Вы говорите о книге «Самое большое чертово колесо»?

— Это книга, в которой я пытаюсь понять меру своей персональной ответственности за происходящие события и описать их. Это книга про жизнь креативной и сытой Москвы, живущей в бесконечном празднике, частью которой я 100% был, и попытка понять не посыпая голову пеплом, что можно было сделать по-другому, какие уроки из этого можно извлечь. Моя главная идея в том, что мне очень не нравится глобальная концепция стыда и вины. Мне кажется, это ни к чему хорошему не приводит, кроме рессентимента, агрессии и в конечном счете мести.
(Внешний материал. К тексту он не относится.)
theorem theorem3p1:
  fixes M :: "'a measure" and F :: "real \<Rightarrow> 'a measure"
    and K1 K2 :: "real \<Rightarrow> 'a \<Rightarrow> real" and \<Theta>1 \<Theta>2 :: "'a \<Rightarrow> real"
    and \<Lambda>1 \<Lambda>2 \<Lambda>12 :: "real \<Rightarrow> real" and \<eta>1 \<eta>2 \<eta>12 :: "real \<Rightarrow> 'a \<Rightarrow> real"
    and t1 t2 t :: real
  assumes "prob_space M"
    and "usual_filtration M F"
    and "adapted F K1" and "adapted F K2"
    and "cadlag_increasing_from_0 M K1" and "cadlag_increasing_from_0 M K2"
    and "distributed M lborel \<Theta>1 (exponential_density 1)"
    and "distributed M lborel \<Theta>2 (exponential_density 1)"
    and "prob_space.indep_sets M
           (\<lambda>i::nat. if i = 0 then F_infty M F
                     else if i = 1 then {\<Theta>1 -` A \<inter> space M | A. A \<in> sets borel}
                     else {\<Theta>2 -` A \<inter> space M | A. A \<in> sets borel}) {0, 1, 2}"
    and "mult_decomp M F K1 \<Lambda>1 \<eta>1"
    and "mult_decomp M F K2 \<Lambda>2 \<eta>2"
    and "mult_decomp M F (\<lambda>s \<omega>. K1 s \<omega> + K2 s \<omega>) \<Lambda>12 \<eta>12"
    and "0 \<le> t" and "t \<le> min t1 t2"
  shows "AE \<omega> in M.
           real_cond_exp M (F t)
             (indicator {x \<in> space M. hit_time K1 \<Theta>1 x > ereal t1 \<and> hit_time K2 \<Theta>2 x > ereal t2}) \<omega>
           = (if t1 \<le> t2
              then exp (- \<Lambda>2 t2 - (\<Lambda>12 t1 - \<Lambda>2 t1)) * \<eta>12 t \<omega>
              else exp (- \<Lambda>1 t1 - (\<Lambda>12 t2 - \<Lambda>1 t2)) * \<eta>12 t \<omega>)"
proof -
  have t: "0 \<le> t1" "0 \<le> t2" "t \<le> t1" "t \<le> t2"
    using assms(13,14) by auto
  have K_nonneg: "0 \<le> K1 s \<omega>" "0 \<le> K2 s \<omega>" if "0 \<le> s" "\<omega> \<in> space M" for s \<omega>
    using assms(5,6) that by (simp_all add: cadlag_increasing_from_0_nonneg)
  have survival: "AE \<omega> in M.
      real_cond_exp M (F t)
        (indicator {x \<in> space M. hit_time K1 \<Theta>1 x > ereal t1 \<and> hit_time K2 \<Theta>2 x > ereal t2}) \<omega>
      = real_cond_exp M (F t) (\<lambda>\<omega>. exp (- K1 t1 \<omega> - K2 t2 \<omega>)) \<omega>"
    by (rule real_cond_exp_survival_indicator[OF assms(1-9,13) t(1,2)])
  have "AE \<omega> in M. real_cond_exp M (F t) (\<lambda>\<omega>. exp (- K1 t1 \<omega> - K2 t2 \<omega>)) \<omega>
      = (if t1 \<le> t2
         then exp (- \<Lambda>2 t2 - (\<Lambda>12 t1 - \<Lambda>2 t1)) * \<eta>12 t \<omega>
         else exp (- \<Lambda>1 t1 - (\<Lambda>12 t2 - \<Lambda>1 t2)) * \<eta>12 t \<omega>)"
  proof (cases "t1 \<le> t2")
    case True
    then show ?thesis
      using real_cond_exp_exp_mult_decomp[OF assms(1-4) K_nonneg assms(11,12,13) t(3)] by simp
  next
    case False
    have "mult_decomp M F (\<lambda>s \<omega>. K2 s \<omega> + K1 s \<omega>) \<Lambda>12 \<eta>12"
      using assms(12) by (simp add: add.commute)
    from real_cond_exp_exp_mult_decomp[OF assms(1,2,4,3) K_nonneg(2,1) assms(10) this assms(13) t(4)] False
    have "AE \<omega> in M. real_cond_exp M (F t) (\<lambda>\<omega>. exp (- K2 t2 \<omega> - K1 t1 \<omega>)) \<omega>
        = exp (- \<Lambda>1 t1 - (\<Lambda>12 t2 - \<Lambda>1 t2)) * \<eta>12 t \<omega>"
      by simp
    moreover have "(\<lambda>\<omega>. exp (- K2 t2 \<omega> - K1 t1 \<omega>)) = (\<lambda>\<omega>. exp (- K1 t1 \<omega> - K2 t2 \<omega>))"
      by (intro ext arg_cong[where f = exp]) linarith
    ultimately show ?thesis
      using False by simp
  qed
  with survival show ?thesis
    by eventually_elim (rule trans)
qed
Важно понять свою ответственность и делать то, что ты можешь сделать. От того, что я сейчас буду бить себя в грудь и говорить: «Я тварь, мразь и сволочь, я во всем виноват, и вообще все, что происходит, происходит из-за меня» ничего не изменится. Да и это не так. Оно происходит в том числе из-за меня, но степень моей ответственности можно высчитать, и она будет не очень большой. Вопрос в том, что я могу с этим сделать, кому я могу помочь и как это сделать. Я могу пойти перевести деньги, я могу найти жилье нуждающемуся человеку. Активное действие, мне кажется, намного важнее, чем причитание о собственной вине, которое никому не доставляет радости.

Этот праздник в Москве, который вы описываете в своей книге, говорят, так и продолжается в Москве.

— Конечно, он продолжается и будет еще долго продолжаться. У нас очень большие иллюзии, которые все никак не заканчатся. Это гигантская страна, в которой живет 146 миллионов человек, в которой находятся гигантские миллиарды и триллионы долларов. Она не может просто взять и схлопнуться. И там сейчас столько места освободилось. Я разговаривал накануне войны с довольно богатыми и большими людьми, которые испытывали невероятное воодушевление от того, что началась новая молодость. Представляете: вам 50-55 лет, в 90-е вы сделали бизнес, было весело, страшно, интересно, потом вы заработали и у вас есть все. Вам скучно, и вы начинаете постепенно стареть. А потом все западные компании уходят с рынка и вы думаете: «Вау! Сейчас мы будем все заново строить». Поэтому эта страна не может взять и просто так сломаться. Я не перестаю общаться с друзьями, оставшимися в России. Меня в целом бесит идея делить людей на уехавших и оставшихся, и бесит идея, что надо оправдываться за то, что ты остался в России. Это я могу оправдываться, почему уехал, а человеку, который живет у себя дома, странно оправдываться за это. Все оставшиеся говорят, что это безумная оргия и праздник, которые выглядит довольно стремновато. Все понимают, что это не норма, ни у кого нет сомнений, что так не должно быть.

Что не так с Россией?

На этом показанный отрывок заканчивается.